The planning for the FIF must be integrated within the county planning and budgeting process to ensure prudent planning but also its required that in involves the community members in the governance structure of the fund.

The act also established the County Health Management teams and mandates them to coordinate the interpretation and implementation of the fund, support sub county and facility teams prepare their annual and quarterly plans as submitted by the Health Facility Management committees.

To ensure accountability, the Act provides that the chief officer is the accounting officer and will be issuing authority to incur expenses to the medical superintendent for hospitals and to the facility in charge for health centers and dispensaries.

For reporting, the funds will be managed by the public health facility and thus the facility is expected to collate and report on all revenue collected and ensure its reflected in the County.

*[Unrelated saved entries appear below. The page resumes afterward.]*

(* Let $\pi_2$ be the five-dimensional complex associative algebra with basis $e_1,\dots,e_5$ and nonzero products $e_1e_1=e_2$, $e_1e_2=e_2e_1=e_3$, $e_1e_4=e_4e_1=e_5$, $e_4e_4=e_5$ (all other products of basis elements are zero). A linear operator on $\pi_2$ is a local derivation if and only if its matrix has the form $$\begin{pmatrix} b_{11} & 0 & 0 & 0 & 0 \\ b_{21} & b_{22} & 0 & 0 & 0 \\ b_{31} & b_{32} & b_{33} & b_{34} & 0 \\ b_{41} & 0 & 0 & b_{41}+b_{11} & 0 \\ b_{51} & b_{52} & 0 & b_{54} & b_{22}+b_{52} \end{pmatrix}$$ with $b_{11},b_{21},b_{22},b_{31},b_{32},b_{33},b_{34},b_{41},b_{51},b_{52},b_{54}\in\mathbb{C}$.
   Context: The matrix of a linear operator $T$ is taken with respect to the basis $e_1,\dots,e_5$, with the $j$-th column giving the coordinates of $T(e_j)$. A derivation of an algebra $A$ is a linear map $D$ with $D(xy)=D(x)y+xD(y)$ for all $x,y\in A$. A linear map $\nabla:A\to A$ is a local derivation if for every $x\in A$ there is a derivation $D_x$ of $A$ (depending on $x$) with $\nabla(x)=D_x(x)$. *)

theory Defs
  imports "HOL-Analysis.Analysis"
begin

datatype idx = E1 | E2 | E3 | E4 | E5

lemma UNIV_idx: "(UNIV :: idx set) = {E1, E2, E3, E4, E5}"
  by (auto intro: idx.exhaust)

instance idx :: finite
  by standard (simp add: UNIV_idx)

type_synonym pi2 = "complex ^ idx"

abbreviation e :: "idx \<Rightarrow> pi2" where "e k \<equiv> axis k 1"

fun basis_prod :: "idx \<Rightarrow> idx \<Rightarrow> pi2" where
  "basis_prod E1 E1 = e E2"
| "basis_prod E1 E2 = e E3"
| "basis_prod E2 E1 = e E3"
| "basis_prod E1 E4 = e E5"
| "basis_prod E4 E1 = e E5"
| "basis_prod E4 E4 = e E5"
| "basis_prod _ _ = 0"

definition pi2_mult :: "pi2 \<Rightarrow> pi2 \<Rightarrow> pi2" where
  "pi2_mult x y = (\<Sum>i\<in>UNIV. \<Sum>j\<in>UNIV. (x $ i * y $ j) *s basis_prod i j)"

definition clinear_map :: "(pi2 \<Rightarrow> pi2) \<Rightarrow> bool" where
  "clinear_map f \<longleftrightarrow> Vector_Spaces.linear (*s) (*s) f"

definition derivation :: "(pi2 \<Rightarrow> pi2) \<Rightarrow> bool" where
  "derivation D \<longleftrightarrow> clinear_map D \<and>
     (\<forall>x y. D (pi2_mult x y) = pi2_mult (D x) y + pi2_mult x (D y))"

definition local_derivation :: "(pi2 \<Rightarrow> pi2) \<Rightarrow> bool" where
  "local_derivation N \<longleftrightarrow> clinear_map N \<and>
     (\<forall>x. \<exists>D. derivation D \<and> N x = D x)"

fun idx_nat :: "idx \<Rightarrow> nat" where
  "idx_nat E1 = 0" | "idx_nat E2 = 1" | "idx_nat E3 = 2" | "idx_nat E4 = 3" | "idx_nat E5 = 4"

definition mat_of_rows :: "complex list list \<Rightarrow> complex ^ idx ^ idx" where
  "mat_of_rows rs = (\<chi> i j. rs ! idx_nat i ! idx_nat j)"

end

theory Submission imports Defs begin

text \<open>
  The derivations of \<open>\<pi>\<^sub>2\<close> form a seven-parameter family: a derivation is
  determined by the images of the generators \<open>e\<^sub>1\<close> and \<open>e\<^sub>4\<close>, and the Leibniz rule on
  \<open>e\<^sub>1e\<^sub>1, e\<^sub>1e\<^sub>2, e\<^sub>1e\<^sub>4, e\<^sub>4e\<^sub>4, e\<^sub>2e\<^sub>4\<close> pins down everything else. If \<open>T\<close> agrees at
  every vector with some derivation, testing at \<open>e\<^sub>2, e\<^sub>3, e\<^sub>4, e\<^sub>5\<close> gives the zero
  pattern of the matrix, and testing at \<open>e\<^sub>1 - e\<^sub>4\<close> and \<open>e\<^sub>2 - e\<^sub>5\<close> the two diagonal
  relations. Conversely, for a matrix of the stated shape and a fixed vector \<open>x\<close>,
  the equation \<open>D x = T x\<close> is linear in the parameters of \<open>D\<close> and can be solved
  by dividing by the first nonzero one of \<open>x\<^sub>1, x\<^sub>4, x\<^sub>2\<close>; if all three vanish, a
  diagonal derivation suffices.
\<close>

lemma all_idx: "(\<forall>i. P i) \<longleftrightarrow> P E1 \<and> P E2 \<and> P E3 \<and> P E4 \<and> P E5"
  by (metis idx.exhaust)

lemma vec_eq_iff_idx:
  "(v :: 'a ^ idx) = w \<longleftrightarrow>
     v$E1 = w$E1 \<and> v$E2 = w$E2 \<and> v$E3 = w$E3 \<and> v$E4 = w$E4 \<and> v$E5 = w$E5"
  by (simp only: vec_eq_iff all_idx)

lemma sum_UNIV_idx: "(\<Sum>i\<in>UNIV. f i) = f E1 + f E2 + f E3 + f E4 + (f E5 :: 'a::comm_monoid_add)"
  by (simp add: UNIV_idx add.assoc)

lemma matrix_vector_mult_component_idx:
  "(M *v x) $ i = M$i$E1 * x$E1 + M$i$E2 * x$E2 + M$i$E3 * x$E3 + M$i$E4 * x$E4 + M$i$E5 * x$E5"
  by (simp only: matrix_vector_mult_def vec_lambda_beta sum_UNIV_idx)

lemma pi2_mult_component:
  "pi2_mult x y $ E1 = 0"
  "pi2_mult x y $ E2 = x$E1 * y$E1"
  "pi2_mult x y $ E3 = x$E1 * y$E2 + x$E2 * y$E1"
  "pi2_mult x y $ E4 = 0"
  "pi2_mult x y $ E5 = x$E1 * y$E4 + x$E4 * y$E1 + x$E4 * y$E4"
  by (simp_all add: pi2_mult_def sum_component sum_UNIV_idx axis_def)

definition derivation_matrix ::
    "complex \<Rightarrow> complex \<Rightarrow> complex \<Rightarrow> complex \<Rightarrow> complex \<Rightarrow> complex \<Rightarrow> complex \<Rightarrow> complex ^ idx ^ idx"
  where "derivation_matrix a b c f g h k = mat_of_rows
    [[a, 0,     0,     0,     0],
     [b, 2*a,   0,     0,     0],
     [c, 2*b,   3*a,   h,     0],
     [f, 0,     0,     a + f, 0],
     [g, 2*f,   0,     k,     2*a + 2*f]]"

lemma derivation_matrix_mult_component:
  "(derivation_matrix a b c f g h k *v x) $ E1 = a * x$E1"
  "(derivation_matrix a b c f g h k *v x) $ E2 = b * x$E1 + 2*a * x$E2"
  "(derivation_matrix a b c f g h k *v x) $ E3 = c * x$E1 + 2*b * x$E2 + 3*a * x$E3 + h * x$E4"
  "(derivation_matrix a b c f g h k *v x) $ E4 = f * x$E1 + (a + f) * x$E4"
  "(derivation_matrix a b c f g h k *v x) $ E5 =
     g * x$E1 + 2*f * x$E2 + k * x$E4 + (2*a + 2*f) * x$E5"
  by (simp_all add: matrix_vector_mult_component_idx derivation_matrix_def mat_of_rows_def)

lemma clinear_map_matrix_vector_mult: "clinear_map ((*v) M)"
  by (simp add: clinear_map_def matrix_vector_mul_linear_gen)

lemma clinear_map_eq_matrix: "clinear_map D \<Longrightarrow> D = (*v) (matrix D)"
  by (simp add: fun_eq_iff matrix_works clinear_map_def)

lemma derivation_derivation_matrix: "derivation ((*v) (derivation_matrix a b c f g h k))"
  unfolding derivation_def
  by (simp add: clinear_map_matrix_vector_mult vec_eq_iff_idx derivation_matrix_mult_component
      pi2_mult_component algebra_simps)

lemma derivation_eq_derivation_matrix:
  assumes "derivation D"
  shows "\<exists>a b c f g h k. D = (*v) (derivation_matrix a b c f g h k)"
proof -
  define M where "M = matrix D"
  have D_eq: "D = (*v) M"
    using assms unfolding derivation_def M_def by (blast intro: clinear_map_eq_matrix)
  have "M *v pi2_mult (e i) (e j) = pi2_mult (M *v e i) (e j) + pi2_mult (e i) (M *v e j)" for i j
    using assms unfolding derivation_def D_eq by blast
  note leibniz = this[unfolded vec_eq_iff_idx, simplified matrix_vector_mult_component_idx
      pi2_mult_component vector_add_component axis_def vec_lambda_beta]
  have "M = derivation_matrix (M$E1$E1) (M$E2$E1) (M$E3$E1) (M$E4$E1) (M$E5$E1) (M$E3$E4) (M$E5$E4)"
    using leibniz[of E1 E1] leibniz[of E1 E2] leibniz[of E1 E4] leibniz[of E4 E4] leibniz[of E2 E4]
    by (simp add: vec_eq_iff all_idx derivation_matrix_def mat_of_rows_def algebra_simps)
  then show ?thesis
    using D_eq by metis
qed

lemma local_derivation_iff_pointwise_derivation_matrix:
  assumes "clinear_map N"
  shows "local_derivation N \<longleftrightarrow> (\<forall>x. \<exists>a b c f g h k. N x = derivation_matrix a b c f g h k *v x)"
  using assms derivation_derivation_matrix derivation_eq_derivation_matrix
  unfolding local_derivation_def by metis

definition local_derivation_matrix ::
    "complex \<Rightarrow> complex \<Rightarrow> complex \<Rightarrow> complex \<Rightarrow> complex \<Rightarrow> complex \<Rightarrow> complex \<Rightarrow> complex \<Rightarrow>
     complex \<Rightarrow> complex \<Rightarrow> complex \<Rightarrow> complex ^ idx ^ idx"
  where "local_derivation_matrix b11 b21 b22 b31 b32 b33 b34 b41 b51 b52 b54 = mat_of_rows
    [[b11, 0,   0,   0,         0],
     [b21, b22, 0,   0,         0],
     [b31, b32, b33, b34,       0],
     [b41, 0,   0,   b41 + b11, 0],
     [b51, b52, 0,   b54,       b22 + b52]]"

lemma local_derivation_matrix_mult_component:
  "(local_derivation_matrix b11 b21 b22 b31 b32 b33 b34 b41 b51 b52 b54 *v x) $ E1 = b11 * x$E1"
  "(local_derivation_matrix b11 b21 b22 b31 b32 b33 b34 b41 b51 b52 b54 *v x) $ E2 =
     b21 * x$E1 + b22 * x$E2"
  "(local_derivation_matrix b11 b21 b22 b31 b32 b33 b34 b41 b51 b52 b54 *v x) $ E3 =
     b31 * x$E1 + b32 * x$E2 + b33 * x$E3 + b34 * x$E4"
  "(local_derivation_matrix b11 b21 b22 b31 b32 b33 b34 b41 b51 b52 b54 *v x) $ E4 =
     b41 * x$E1 + (b41 + b11) * x$E4"
  "(local_derivation_matrix b11 b21 b22 b31 b32 b33 b34 b41 b51 b52 b54 *v x) $ E5 =
     b51 * x$E1 + b52 * x$E2 + b54 * x$E4 + (b22 + b52) * x$E5"
  by (simp_all add: matrix_vector_mult_component_idx local_derivation_matrix_def mat_of_rows_def)

lemma pointwise_derivation_matrix_imp_local_derivation_matrix:
  assumes "\<And>x. \<exists>a b c f g h k. M *v x = derivation_matrix a b c f g h k *v x"
  shows "\<exists>b11 b21 b22 b31 b32 b33 b34 b41 b51 b52 b54.
           M = local_derivation_matrix b11 b21 b22 b31 b32 b33 b34 b41 b51 b52 b54"
proof -
  note at = assms[unfolded vec_eq_iff_idx derivation_matrix_mult_component,
      simplified matrix_vector_mult_component_idx]
  have col2: "M$E1$E2 = 0" "M$E4$E2 = 0"
    using at[of "e E2"] by (auto simp: axis_def)
  have col3: "M$E1$E3 = 0" "M$E2$E3 = 0" "M$E4$E3 = 0" "M$E5$E3 = 0"
    using at[of "e E3"] by (auto simp: axis_def)
  have col4: "M$E1$E4 = 0" "M$E2$E4 = 0"
    using at[of "e E4"] by (auto simp: axis_def)
  have col5: "M$E1$E5 = 0" "M$E2$E5 = 0" "M$E3$E5 = 0" "M$E4$E5 = 0"
    using at[of "e E5"] by (auto simp: axis_def)
  have diag4: "M$E4$E4 = M$E4$E1 + M$E1$E1"
    using at[of "e E1 - e E4"] col4 by (auto simp: axis_def algebra_simps)
  have diag5: "M$E5$E5 = M$E2$E2 + M$E5$E2"
    using at[of "e E2 - e E5"] col5 by (auto simp: axis_def algebra_simps)
  have "M = local_derivation_matrix (M$E1$E1) (M$E2$E1) (M$E2$E2) (M$E3$E1) (M$E3$E2) (M$E3$E3)
      (M$E3$E4) (M$E4$E1) (M$E5$E1) (M$E5$E2) (M$E5$E4)"
    using col2 col3 col4 col5 diag4 diag5
    by (simp add: vec_eq_iff all_idx local_derivation_matrix_def mat_of_rows_def)
  then show ?thesis
    by blast
qed

lemma local_derivation_matrix_pointwise_derivation_matrix:
  "\<exists>a b c f g h k. local_derivation_matrix b11 b21 b22 b31 b32 b33 b34 b41 b51 b52 b54 *v x =
     derivation_matrix a b c f g h k *v x"
proof -
  let ?T = "local_derivation_matrix b11 b21 b22 b31 b32 b33 b34 b41 b51 b52 b54 *v x"
  have agree: "?T = derivation_matrix a b c f g h k *v x \<longleftrightarrow>
      b11 * x$E1 = a * x$E1 \<and>
      b21 * x$E1 + b22 * x$E2 = b * x$E1 + 2*a * x$E2 \<and>
      ?T$E3 = c * x$E1 + 2*b * x$E2 + 3*a * x$E3 + h * x$E4 \<and>
      b41 * x$E1 + (b41 + b11) * x$E4 = f * x$E1 + (a + f) * x$E4 \<and>
      ?T$E5 = g * x$E1 + 2*f * x$E2 + k * x$E4 + (2*a + 2*f) * x$E5" for a b c f g h k
    by (simp only: vec_eq_iff_idx derivation_matrix_mult_component
        local_derivation_matrix_mult_component(1,2,4))
  consider "x$E1 \<noteq> 0" | "x$E1 = 0" "x$E4 \<noteq> 0" | "x$E1 = 0" "x$E4 = 0" "x$E2 \<noteq> 0"
    | "x$E1 = 0" "x$E4 = 0" "x$E2 = 0"
    by blast
  then show ?thesis
  proof cases
    case 1
    define b where "b = (b21 * x$E1 + b22 * x$E2 - 2*b11 * x$E2) / x$E1"
    have "?T = derivation_matrix b11 b ((?T$E3 - 2*b * x$E2 - 3*b11 * x$E3) / x$E1) b41
        ((?T$E5 - 2*b41 * x$E2 - (2*b11 + 2*b41) * x$E5) / x$E1) 0 0 *v x"
      unfolding agree using 1 by (simp add: b_def field_simps)
    then show ?thesis by blast
  next
    case 2
    define a where "a = b22 / 2"
    define f where "f = b41 + b11 - b22 / 2"
    have "?T = derivation_matrix a 0 0 f 0 ((?T$E3 - 3*a * x$E3) / x$E4)
        ((?T$E5 - 2*f * x$E2 - (2*a + 2*f) * x$E5) / x$E4) *v x"
      unfolding agree using 2 by (simp add: a_def f_def field_simps)
    then show ?thesis by blast
  next
    case 3
    have "?T = derivation_matrix (b22 / 2) ((?T$E3 - 3 * (b22 / 2) * x$E3) / (2 * x$E2)) 0
        (b52 / 2) 0 0 0 *v x"
      unfolding agree using 3 by (simp add: local_derivation_matrix_mult_component field_simps)
    then show ?thesis by blast
  next
    case 4
    have "?T = derivation_matrix (b33 / 3) 0 0 ((b22 + b52) / 2 - b33 / 3) 0 0 0 *v x"
      unfolding agree using 4 by (simp add: local_derivation_matrix_mult_component field_simps)
    then show ?thesis by blast
  qed
qed

theorem theorem5p2:
  fixes T :: "pi2 \<Rightarrow> pi2"
  assumes "clinear_map T"
  shows "local_derivation T \<longleftrightarrow>
    (\<exists>b11 b21 b22 b31 b32 b33 b34 b41 b51 b52 b54 :: complex.
       matrix T = mat_of_rows
         [[b11, 0,   0,   0,         0],
          [b21, b22, 0,   0,         0],
          [b31, b32, b33, b34,       0],
          [b41, 0,   0,   b41 + b11, 0],
          [b51, b52, 0,   b54,       b22 + b52]])"
proof -
  have T_eq: "T = (*v) (matrix T)"
    using assms by (rule clinear_map_eq_matrix)
  have "local_derivation T \<longleftrightarrow>
      (\<forall>x. \<exists>a b c f g h k. matrix T *v x = derivation_matrix a b c f g h k *v x)"
    using local_derivation_iff_pointwise_derivation_matrix[OF assms] T_eq by metis
  also have "\<dots> \<longleftrightarrow> (\<exists>b11 b21 b22 b31 b32 b33 b34 b41 b51 b52 b54.
      matrix T = local_derivation_matrix b11 b21 b22 b31 b32 b33 b34 b41 b51 b52 b54)"
    using pointwise_derivation_matrix_imp_local_derivation_matrix
      local_derivation_matrix_pointwise_derivation_matrix by metis
  finally show ?thesis
    unfolding local_derivation_matrix_def .
qed

end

The Facility Improvement Financing Act addresses underfunding in public health facilities, while the Digital Health Act streamlines technology adoption to enhance data sharing and resource utilization. The Emergency, Chronic and Critical Illness Fund will handle emergency and chronic illness costs once social health insurance is depleted.

The Four Acts have come into force at the same time, Thus the need for a clear integration between them. Creation of the health management committees immediately with community members is key to ensure accountability of the funds. Opening of facility bank accounts is a key first step and directing the fund there will require modern mechanism including pay bills or card system to minimize cash payments and loss of funds.

Finally, aligning these legislations would go a long way in guiding the development of detailed implementation guidelines and their eventual commencement, improving the chances of success for these reforms to accelerate Kenya’s progress towards UHC and health security.

There will be need for closer and consistent monitoring of implementation of these acts from commencement especially seeing that funding will both be at the national and county levels.

There will be need for capacity building of Primary Health Networks as well as awareness to the general public on the changes occasioned by these Acts and their role in ensuring health security in Kenya is owned by Kenyans and no one is left behind.

There is needed uniform guidelines to all counties especially in implementation of PHC to ensure standard application across the Country.

The writer is the founder and director of Pathways Policy Institute, Nanyuki.